Since MMM's preferred method of dealing with disagreement seems to be to delete the offending posts, I would like to ask some questions about the idea of retirement. Not necessarily the definition, as that's being discussed in another thread, but why some people seem to want retirement so badly that they define their free-form work life as retirement, while others of us - me! - see it as the ghost at the feast.
(The thread title is, of course, a reference to Lewis Carroll's "Through the Looking Glass":
"I don't know what you mean by 'glory.'" Alice said.
Humpty Dumpty smiled contemptuously. "Of course you don't--till I tell you. I meant 'there's a nice knock-down argument for you!'"
"But 'glory' doesn't mean 'a nice knock-down argument," Alice objected.
"When I use a word," Humpty Dumpty said, in rather a scornful tone, "it means just what I choose it to mean--neither more nor less."
I have commented, occasionally, that not only do I not want to retire early (even if it weren't getting a bit late for that), I hope never to retire at all. I enjoy working, and especially the particular type I do now. I've managed to remove most of the tedious parts, like fixed hours, commuting, most of the time spend in pointless meetings, etc. Yet I expect others have done some of this too, yet still want to retire.
I'm wondering if this can be explained by the way a person enters the working world. From what I've read, I've gotten the impression that MMM, like many, had a fairly typical middle-class upbringing, went through school and then college supported by parents/grants/loans, and then transitioned to a comfortable professional job without much difficulty. So that job, and following ones, had little emotional value since it came easily.

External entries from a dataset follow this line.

text \<open>
  Replacing maps outside the countable support by the identity makes the walk measurable
  on the path space, and almost surely changes nothing.
\<close>
definition clip :: "(real \<Rightarrow> real) pmf \<Rightarrow> (real \<Rightarrow> real) \<Rightarrow> real \<Rightarrow> real" where
  "clip \<mu> g = (if g \<in> set_pmf \<mu> then g else id)"

definition cwalk :: "(real \<Rightarrow> real) pmf \<Rightarrow> nat \<Rightarrow> (real \<Rightarrow> real) stream \<Rightarrow> real \<Rightarrow> real" where
  "cwalk \<mu> n \<omega> = walk n (smap (clip \<mu>) \<omega>)"

abbreviation paths :: "(real \<Rightarrow> real) pmf \<Rightarrow> (real \<Rightarrow> real) stream measure" where
  "paths \<mu> \<equiv> stream_space (measure_pmf \<mu>)"

lemma prob_space_paths: "prob_space (paths \<mu>)"
  by (rule prob_space.prob_space_stream_space[OF prob_space_measure_pmf])

lemma cwalk_0 [simp]: "cwalk \<mu> 0 \<omega> y = y"
  by (simp add: cwalk_def)

lemma cwalk_Suc: "cwalk \<mu> (Suc n) \<omega> y = cwalk \<mu> n (stl \<omega>) (clip \<mu> (shd \<omega>) y)"
  by (simp add: cwalk_def walk_Suc)

lemma cwalk_Cons [simp]: "cwalk \<mu> (Suc n) (g ## \<omega>) y = cwalk \<mu> n \<omega> (clip \<mu> g y)"
  by (simp add: cwalk_Suc)

lemma cwalk_eq_walk: "\<omega> \<in> streams (set_pmf \<mu>) \<Longrightarrow> cwalk \<mu> n \<omega> = walk n \<omega>"
proof -
  assume "\<omega> \<in> streams (set_pmf \<mu>)"
  then have "smap (clip \<mu>) \<omega> = \<omega>"
    by (intro stream.map_ident_strong) (auto simp: clip_def streams_iff_sset)
  then show ?thesis by (simp add: cwalk_def)
qed

lemma measurable_cwalk:
  "(\<lambda>\<omega>. cwalk \<mu> n \<omega> y) \<in> borel_measurable (paths \<mu>)"
proof (induction n arbitrary: y)
  case 0
  then show ?case by simp
next
  case (Suc n)
  have "(\<lambda>\<omega>. cwalk \<mu> n (stl \<omega>) (clip \<mu> (shd \<omega>) y)) \<in> borel_measurable (paths \<mu>)"
  proof (rule measurable_compose_countable'[where f="\<lambda>g \<omega>. cwalk \<mu> n (stl \<omega>) (g y)"])
    show "(\<lambda>\<omega>. cwalk \<mu> n (stl \<omega>) (g y)) \<in> borel_measurable (paths \<mu>)" for g
      using measurable_compose[OF measurable_stl Suc.IH] by simp
    show "(\<lambda>\<omega>. clip \<mu> (shd \<omega>)) \<in> paths \<mu> \<rightarrow>\<^sub>M count_space (range (clip \<mu>))"
      by (rule measurable_compose[OF measurable_shd]) simp
    show "countable (range (clip \<mu>))"
      by (rule countable_subset[of _ "insert id (set_pmf \<mu>)"]) (auto simp: clip_def)
  qed
  then show ?case by (simp only: cwalk_Suc)
qed

section \<open>Trap events\<close>

definition trap_event ::
    "(real \<Rightarrow> real) pmf \<Rightarrow> (real \<Rightarrow> real) \<Rightarrow> real \<Rightarrow> real \<Rightarrow> nat \<Rightarrow> real \<Rightarrow> (real \<Rightarrow> real) stream set"
  where "trap_event \<mu> \<phi> lo c m y =
    {\<omega>. (\<forall>n\<ge>m. \<phi> (cwalk \<mu> n \<omega> y) \<le> c) \<and> (\<exists>\<^sub>\<infinity>n. lo \<le> \<phi> (cwalk \<mu> n \<omega> y))}"

definition late_trap_event ::
    "(real \<Rightarrow> real) pmf \<Rightarrow> (real \<Rightarrow> real) \<Rightarrow> real \<Rightarrow> real \<Rightarrow> nat \<Rightarrow> real \<Rightarrow> (real \<Rightarrow> real) stream set"
  where "late_trap_event \<mu> \<phi> lo c k y =
    {\<omega> \<in> trap_event \<mu> \<phi> lo c 0 y. \<forall>n<k. \<phi> (cwalk \<mu> n \<omega> y) < lo}"

lemma sets_cwalk_compare:
  fixes \<phi> :: "real \<Rightarrow> real"
  assumes "\<phi> \<in> borel_measurable borel"
  shows "{\<omega>. \<phi> (cwalk \<mu> n \<omega> y) \<le> c} \<in> sets (paths \<mu>)"
    and "{\<omega>. lo \<le> \<phi> (cwalk \<mu> n \<omega> y)} \<in> sets (paths \<mu>)"
proof -
  have f: "(\<lambda>\<omega>. \<phi> (cwalk \<mu> n \<omega> y)) \<in> borel_measurable (paths \<mu>)"
    using measurable_compose[OF measurable_cwalk assms] .
  show "{\<omega>. \<phi> (cwalk \<mu> n \<omega> y) \<le> c} \<in> sets (paths \<mu>)"
    using borel_measurable_le[OF f borel_measurable_const[of c]] by (simp add: space_stream_space)
  show "{\<omega>. lo \<le> \<phi> (cwalk \<mu> n \<omega> y)} \<in> sets (paths \<mu>)"
    using borel_measurable_le[OF borel_measurable_const[of lo] f] by (simp add: space_stream_space)
qed

lemma sets_trap_event:
  assumes "\<phi> \<in> borel_measurable borel"
  shows "trap_event \<mu> \<phi> lo c m y \<in> sets (paths \<mu>)"
proof -
  have "trap_event \<mu> \<phi> lo c m y = (\<Inter>n\<in>{m..}. {\<omega>. \<phi> (cwalk \<mu> n \<omega> y) \<le> c}) \<inter>
      (\<Inter>k. \<Union>n\<in>{k..}. {\<omega>. lo \<le> \<phi> (cwalk \<mu> n \<omega> y)})"
    by (auto simp: trap_event_def INFM_nat_le)
  also have "\<dots> \<in> sets (paths \<mu>)"
    using sets_cwalk_compare[OF assms]
    by (intro sets.Int sets.countable_INT' sets.countable_UN') auto
  finally show ?thesis .
qed

lemma sets_late_trap_event:
  assumes "\<phi> \<in> borel_measurable borel"
  shows "late_trap_event \<mu> \<phi> lo c k y \<in> sets (paths \<mu>)"
proof -
  have "late_trap_event \<mu> \<phi> lo c k y =
      trap_event \<mu> \<phi> lo c 0 y - (\<Union>n\<in>{..<k}. {\<omega>. lo \<le> \<phi> (cwalk \<mu> n \<omega> y)})"
    by (auto simp: late_trap_event_def not_le)
  also have "\<dots> \<in> sets (paths \<mu>)"
    using sets_trap_event[OF assms] sets_cwalk_compare[OF assms]
    by (intro sets.Diff sets.countable_UN') auto
  finally show ?thesis .
qed

lemma INFM_cwalk_Cons_iff:
  "(\<exists>\<^sub>\<infinity>n. P (cwalk \<mu> n (g ## \<omega>) y)) \<longleftrightarrow> (\<exists>\<^sub>\<infinity>n. P (cwalk \<mu> n \<omega> (clip \<mu> g y)))"
  using INFM_Suc_iff[of "\<lambda>n. P (cwalk \<mu> n (g ## \<omega>) y)"] by (simp only: cwalk_Cons)

lemma Cons_in_trap_event_0_iff:
  "g ## \<omega> \<in> trap_event \<mu> \<phi> lo c 0 y \<longleftrightarrow> \<phi> y \<le> c \<and> \<omega> \<in> trap_event \<mu> \<phi> lo c 0 (clip \<mu> g y)"
proof -
  have "(\<forall>n. \<phi> (cwalk \<mu> n (g ## \<omega>) y) \<le> c) \<longleftrightarrow> \<phi> y \<le> c \<and> (\<forall>n. \<phi> (cwalk \<mu> n \<omega> (clip \<mu> g y)) \<le> c)"
    using all_nat_iff_0_Suc[of "\<lambda>n. \<phi> (cwalk \<mu> n (g ## \<omega>) y) \<le> c"]
    by (simp only: cwalk_0 cwalk_Cons)
  then show ?thesis
    by (simp add: trap_event_def INFM_cwalk_Cons_iff[where P="\<lambda>z. lo \<le> \<phi> z"])
qed

lemma Cons_in_trap_event_Suc_iff:
  "g ## \<omega> \<in> trap_event \<mu> \<phi> lo c (Suc m) y \<longleftrightarrow> \<omega> \<in> trap_event \<mu> \<phi> lo c m (clip \<mu> g y)"
proof -
  have "(\<forall>n\<ge>Suc m. \<phi> (cwalk \<mu> n (g ## \<omega>) y) \<le> c) \<longleftrightarrow> (\<forall>n\<ge>m. \<phi> (cwalk \<mu> n \<omega> (clip \<mu> g y)) \<le> c)"
    using all_ge_Suc_iff[of m "\<lambda>n. \<phi> (cwalk \<mu> n (g ## \<omega>) y) \<le> c"]
    by (simp only: cwalk_Cons)
  then show ?thesis
    by (simp add: trap_event_def INFM_cwalk_Cons_iff[where P="\<lambda>z. lo \<le> \<phi> z"])
qed

lemma Cons_in_late_trap_event_Suc_iff:
  "g ## \<omega> \<in> late_trap_event \<mu> \<phi> lo c (Suc k) y \<longleftrightarrow>
     \<phi> y \<le> c \<and> \<phi> y < lo \<and> \<omega> \<in> late_trap_event \<mu> \<phi> lo c k (clip \<mu> g y)"
  by (auto simp: late_trap_event_def Cons_in_trap_event_0_iff All_less_Suc2)

lemma integral_clip:
  fixes \<mu> :: "(real \<Rightarrow> real) pmf"
  shows "(\<integral>g. F (clip \<mu> g) \<partial>\<mu>) = (\<integral>g. F g \<partial>\<mu>)"
  by (rule integral_cong_AE) (auto simp: clip_def AE_measure_pmf_iff)

lemma measure_trap_event_0:
  assumes "\<phi> \<in> borel_measurable borel"
  shows "measure (paths \<mu>) (trap_event \<mu> \<phi> lo c 0 y) =
    (if \<phi> y \<le> c then \<integral>g. measure (paths \<mu>) (trap_event \<mu> \<phi> lo c 0 (g y)) \<partial>\<mu> else 0)"
  using integral_clip[where F="\<lambda>g. measure (paths \<mu>) (trap_event \<mu> \<phi> lo c 0 (g y))"]
  by (simp add: measure_stream_space_Cons[OF sets_trap_event[OF assms]] Cons_in_trap_event_0_iff)

lemma measure_trap_event_Suc:
  assumes "\<phi> \<in> borel_measurable borel"
  shows "measure (paths \<mu>) (trap_event \<mu> \<phi> lo c (Suc m) y) =
    (\<integral>g. measure (paths \<mu>) (trap_event \<mu> \<phi> lo c m (g y)) \<partial>\<mu>)"
  using integral_clip[where F="\<lambda>g. measure (paths \<mu>) (trap_event \<mu> \<phi> lo c m (g y))"]
  by (simp add: measure_stream_space_Cons[OF sets_trap_event[OF assms]] Cons_in_trap_event_Suc_iff)

lemma measure_late_trap_event_Suc:
  assumes "\<phi> \<in> borel_measurable borel" and "\<phi> y \<le> c" and "\<phi> y < lo"
  shows "measure (paths \<mu>) (late_trap_event \<mu> \<phi> lo c (Suc k) y) =
    (\<integral>g. measure (paths \<mu>) (late_trap_event \<mu> \<phi> lo c k (g y)) \<partial>\<mu>)"
  using integral_clip[where F="\<lambda>g. measure (paths \<mu>) (late_trap_event \<mu> \<phi> lo c k (g y))"] assms(2,3)
  by (simp add: measure_stream_space_Cons[OF sets_late_trap_event[OF assms(1)]]
      Cons_in_late_trap_event_Suc_iff)
lemma reach_append: "reach A p (u @ v) q \<longleftrightarrow> (\<exists>r. reach A p u r \<and> reach A r v q)"
  by (induction u arbitrary: p) auto

lemma reach_snoc: "reach A p (w @ [a]) q \<longleftrightarrow> (\<exists>r. reach A p w r \<and> (r, a, q) \<in> delta A)"
  by (simp add: reach_append)

lemma reach_self_loop: "(\<And>a. a \<in> set w \<Longrightarrow> (p, a, p) \<in> delta A) \<Longrightarrow> reach A p w p"
  by (induction w) auto

definition trans_A :: "nat \<Rightarrow> nat \<Rightarrow> nat \<Rightarrow> nat \<Rightarrow> bool" where
  "trans_A m p a q \<longleftrightarrow>
     (1 \<le> p \<and> p < m \<and> (a < p \<and> q = p \<or> a = p \<and> q < p))
   \<or> (p = m \<and> a < 2 * m - 1 \<and> (q = m \<or> m \<le> a \<and> q < m))"

definition trans_B :: "nat \<Rightarrow> nat \<Rightarrow> nat \<Rightarrow> nat \<Rightarrow> bool" where
  "trans_B m p a q \<longleftrightarrow>
     (p = 1 \<and> (a < m \<and> q = 1 \<or> a = 0 \<and> q = 0))
   \<or> (2 \<le> p \<and> p \<le> m \<and> (a < m + p - 2 \<and> q = p \<or> a = m + p - 2 \<and> 1 \<le> q \<and> q < p))"

definition nfa_A :: "nat \<Rightarrow> (nat, nat) nfa" where
  "nfa_A m = \<lparr>states = {..m}, alpha = {..<2 * m}, delta = {(p, a, q). trans_A m p a q},
     init = {..m}, final = {0}\<rparr>"

definition nfa_B :: "nat \<Rightarrow> (nat, nat) nfa" where
  "nfa_B m = \<lparr>states = {..m}, alpha = {..<2 * m}, delta = {(p, a, q). trans_B m p a q},
     init = {1..m}, final = {0}\<rparr>"

lemma nfa_A_simps [simp]:
  "states (nfa_A m) = {..m}" "alpha (nfa_A m) = {..<2 * m}"
  "(p, a, q) \<in> delta (nfa_A m) \<longleftrightarrow> trans_A m p a q"
  by (simp_all add: nfa_A_def)

lemma nfa_B_simps [simp]:
  "states (nfa_B m) = {..m}" "alpha (nfa_B m) = {..<2 * m}"
  "(p, a, q) \<in> delta (nfa_B m) \<longleftrightarrow> trans_B m p a q"
  by (simp_all add: nfa_B_def)

lemma wf_nfa_A: "wf_nfa (nfa_A m)"
  by (auto simp: wf_nfa_def nfa_A_def trans_A_def)

lemma wf_nfa_B: "1 \<le> m \<Longrightarrow> wf_nfa (nfa_B m)"
  by (auto simp: wf_nfa_def nfa_B_def trans_B_def)

lemma lang_A_iff:
  "w \<in> lang (nfa_A m) \<longleftrightarrow> set w \<subseteq> {..<2 * m} \<and> (\<exists>p\<le>m. reach (nfa_A m) p w 0)"
  by (auto simp: lang_def nfa_A_def)

lemma lang_B_iff:
  "w \<in> lang (nfa_B m) \<longleftrightarrow> set w \<subseteq> {..<2 * m} \<and> (\<exists>p\<in>{1..m}. reach (nfa_B m) p w 0)"
  by (auto simp: lang_def nfa_B_def)

lemma reach_A_from_0: "1 \<le> m \<Longrightarrow> reach (nfa_A m) 0 w q \<longleftrightarrow> w = [] \<and> q = 0"
  by (cases w) (auto simp: trans_A_def)

lemma lang_A_inter_lang_B: "1 \<le> m \<Longrightarrow> lang (nfa_A m) \<inter> lang (nfa_B m) = {}"
proof safe
  fix w assume "1 \<le> m" "w \<in> lang (nfa_A m)" "w \<in> lang (nfa_B m)"
  then obtain p q where A: "reach (nfa_A m) p w 0" and B: "reach (nfa_B m) q w 0" "1 \<le> q"
    by (auto simp: lang_A_iff lang_B_iff)
  then have "w \<noteq> []" by auto
  then obtain v a where "w = v @ [a]" by (cases w rule: rev_cases) auto
  txt \<open>Only letter 0 enters the final state of B, and it never enters that of A.\<close>
  with A B \<open>1 \<le> m\<close> show "w \<in> {}" by (auto simp: reach_snoc trans_A_def trans_B_def)
qed

lemma lang_A_suffix:
  assumes "x @ c # y \<in> lang (nfa_A m)"
  shows "y \<in> lang (nfa_A m)"
proof -
  obtain r r' where "trans_A m r c r'" "reach (nfa_A m) r' y 0" "set y \<subseteq> {..<2 * m}"
    using assms by (auto simp: lang_A_iff reach_append)
  moreover from \<open>trans_A m r c r'\<close> have "r' \<le> m" by (auto simp: trans_A_def)
  ultimately show ?thesis by (auto simp: lang_A_iff)
qed

lemma lang_B_suffix:
  assumes "1 \<le> c" "x @ c # y \<in> lang (nfa_B m)"
  shows "y \<in> lang (nfa_B m)"
proof -
  obtain r r' where "trans_B m r c r'" "reach (nfa_B m) r' y 0" "set y \<subseteq> {..<2 * m}"
    using assms(2) by (auto simp: lang_B_iff reach_append)
  moreover from \<open>trans_B m r c r'\<close> \<open>1 \<le> c\<close> have "r' \<in> {1..m}" by (auto simp: trans_B_def)
  ultimately show ?thesis by (auto simp: lang_B_iff)
qed

lemma reach_A_max_letter:
  assumes "reach (nfa_A m) p w 0" "set w \<subseteq> {..c}" "c < m"
  shows "p \<le> c \<and> count_list w c \<le> of_bool (p = c)"
  using assms(1,2)
proof (induction w arbitrary: p)
  case (Cons a w)
  then obtain p' where "trans_A m p a p'" "reach (nfa_A m) p' w 0" by auto
  with Cons.IH[of p'] Cons.prems(2) \<open>c < m\<close> show ?case
    by (auto simp: trans_A_def)
qed simp

text \<open>The letter on which state p of B moves to a smaller nonzero state, or to 0 if p = 1.\<close>
definition exit_letter_B :: "nat \<Rightarrow> nat \<Rightarrow> nat" where
  "exit_letter_B m p = (if p \<le> 1 then 0 else m + p - 2)"

lemma reach_B_max_letter:
  assumes "reach (nfa_B m) p w 0" "set w \<subseteq> {..c}" "m \<le> c" "1 \<le> m"
  shows "exit_letter_B m p \<le> c \<and> count_list w c \<le> of_bool (exit_letter_B m p = c)"
  using assms(1,2)
proof (induction w arbitrary: p)
  case (Cons a w)
  then obtain p' where "trans_B m p a p'" "reach (nfa_B m) p' w 0" by auto
  with Cons.IH[of p'] Cons.prems(2) \<open>m \<le> c\<close> \<open>1 \<le> m\<close> show ?case
    by (auto simp: trans_B_def exit_letter_B_def split: if_split_asm)
      (auto simp: of_bool_def split: if_splits)
qed (simp add: exit_letter_B_def)

lemma max_letter_once_A:
  assumes "c < m"
  shows "max_letter_once c (lang (nfa_A m))"
  unfolding max_letter_once_def
proof (intro ballI impI)
  fix w assume w: "w \<in> lang (nfa_A m)" "set w \<subseteq> {..c}"
  then obtain p where "reach (nfa_A m) p w 0" by (auto simp: lang_A_iff)
  then have "count_list w c \<le> of_bool (p = c)"
    using reach_A_max_letter w(2) assms by blast
  then show "count_list w c \<le> 1" by (cases "p = c") auto
qed

lemma max_letter_once_B:
  assumes "1 \<le> m" "m \<le> c"
  shows "max_letter_once c (lang (nfa_B m))"
  unfolding max_letter_once_def
proof (intro ballI impI)
  fix w assume w: "w \<in> lang (nfa_B m)" "set w \<subseteq> {..c}"
  then obtain p where "reach (nfa_B m) p w 0" by (auto simp: lang_B_iff)
  then have "count_list w c \<le> of_bool (exit_letter_B m p = c)"
    using reach_B_max_letter w(2) assms by blast
  then show "count_list w c \<le> 1" by (cases "exit_letter_B m p = c") auto
qed

lemma lang_A_zeros:
  assumes "1 \<le> m" "w \<in> lang (nfa_A m)" "set w \<subseteq> {0}"
  shows "w = []"
proof -
  obtain p where "reach (nfa_A m) p w 0" using assms(2) by (auto simp: lang_A_iff)
  moreover from this have "p = 0"
    using reach_A_max_letter[of m p w 0] assms(1,3) by (simp add: atMost_0)
  ultimately show ?thesis using reach_A_from_0[OF assms(1)] by simp
qed

lemma Nil_notin_lang_B: "[] \<notin> lang (nfa_B m)"
  by (auto simp: lang_B_iff)

lemma no_infinite_tower_A_B:
  assumes "1 \<le> m"
  shows "\<not> infinite_tower (lang (nfa_A m)) (lang (nfa_B m)) w"
proof
  assume tower: "infinite_tower (lang (nfa_A m)) (lang (nfa_B m)) w"
  show False
  proof (rule no_infinite_tower_by_max_letters[OF lang_A_inter_lang_B[OF \<open>1 \<le> m\<close>]])
    show "y \<in> lang (nfa_A m)" if "x @ c # y \<in> lang (nfa_A m)" for x c y
      using that by (rule lang_A_suffix)
    show "y \<in> lang (nfa_B m)" if "1 \<le> c" "x @ c # y \<in> lang (nfa_B m)" for x c y
      using that by (rule lang_B_suffix)
    show "max_letter_once c (lang (nfa_A m)) \<or> max_letter_once c (lang (nfa_B m))" for c
      using max_letter_once_A max_letter_once_B \<open>1 \<le> m\<close> by (metis not_le)
    show "v = []" if "v \<in> lang (nfa_A m)" "set v \<subseteq> {0}" for v
      using lang_A_zeros \<open>1 \<le> m\<close> that by blast
    show "[] \<notin> lang (nfa_B m)" by (rule Nil_notin_lang_B)
    show "\<forall>i. set (w i) \<subseteq> {..<2 * m}"
      using infinite_tower_in_union[OF tower] by (auto simp: lang_A_iff lang_B_iff)
  qed (fact tower)
qed

text \<open>\<open>ruler k ! i = [\<nu> 1, ..., \<nu> i]\<close> with \<open>\<nu>\<close> the 2-adic valuation.\<close>
primrec ruler :: "nat \<Rightarrow> nat list list" where
  "ruler 0 = [[]]"
| "ruler (Suc k) = ruler k @ map (\<lambda>u. last (ruler k) @ k # u) (ruler k)"

lemma length_ruler [simp]: "length (ruler k) = 2 ^ k"
  by (induction k) auto

lemma ruler_nth_Suc_cases:
  assumes "i < 2 ^ Suc k"
  shows "i < 2 ^ k \<and> ruler (Suc k) ! i = ruler k ! i
    \<or> (\<exists>j < 2 ^ k. i = 2 ^ k + j \<and> ruler (Suc k) ! i = last (ruler k) @ k # ruler k ! j)"
  using assms by (cases "i < 2 ^ k") (auto simp: nth_append intro!: exI[of _ "i - 2 ^ k"])

lemma ruler_not_Nil [simp]: "ruler k \<noteq> []"
  by (induction k) auto

lemma ruler_nth_0 [simp]: "ruler k ! 0 = []"
  by (induction k) (auto simp: nth_append)

lemma last_ruler: "last (ruler k) = ruler k ! (2 ^ k - 1)"
  by (simp add: last_conv_nth)

lemma set_ruler_nth: "i < 2 ^ k \<Longrightarrow> set (ruler k ! i) \<subseteq> {..<k}"
proof (induction k arbitrary: i)
  case (Suc k)
  have "set (last (ruler k)) \<subseteq> {..<k}"
    using Suc.IH[of "2 ^ k - 1"] by (simp add: last_ruler)
  with ruler_nth_Suc_cases[OF Suc.prems] Suc.IH show ?case by fastforce
qed simp

lemma set_last_ruler: "set (last (ruler k)) \<subseteq> {..<k}"
  using set_ruler_nth[of "2 ^ k - 1" k] by (simp add: last_ruler)

lemma ruler_nth_Suc: "Suc i < 2 ^ k \<Longrightarrow> \<exists>a. ruler k ! Suc i = ruler k ! i @ [a]"
proof (induction k arbitrary: i)
  case (Suc k)
  consider "Suc i < 2 ^ k" | "Suc i = 2 ^ k" | j where "i = 2 ^ k + j" "Suc j < 2 ^ k"
  proof (cases "Suc i \<le> 2 ^ k")
    case False
    with Suc.prems that(3)[of "i - 2 ^ k"] show thesis by simp
  qed (use that(1,2) in linarith)
  then show ?case
  proof cases
    case 1
    then show ?thesis using Suc.IH by (simp add: nth_append)
  next
    case 2
    then have "i = 2 ^ k - 1" by simp
    with 2 show ?thesis by (simp add: nth_append last_ruler)
  next
    case 3
    then show ?thesis using Suc.IH[of j] by (simp add: nth_append)
  qed
qed simp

My experience was quite different: not much family or societal support, first jobs were down at the bottom of the economic ladder - agricultural work, pumping gas or doing fast food, etc - were often gotten after dozens of applications, and sometimes meant the difference between eating and not. That does, I think, tend to create a certain emotional attachment to the idea of having a job :-)
So I wonder if this is true for other people? Are you seeking early retirement, whether in the MMM sense or by a more conventional definition, or are you seeking FI for security and/or to allow you to work in a more congenial manner? Does your choice tie in with the way you entered the working world?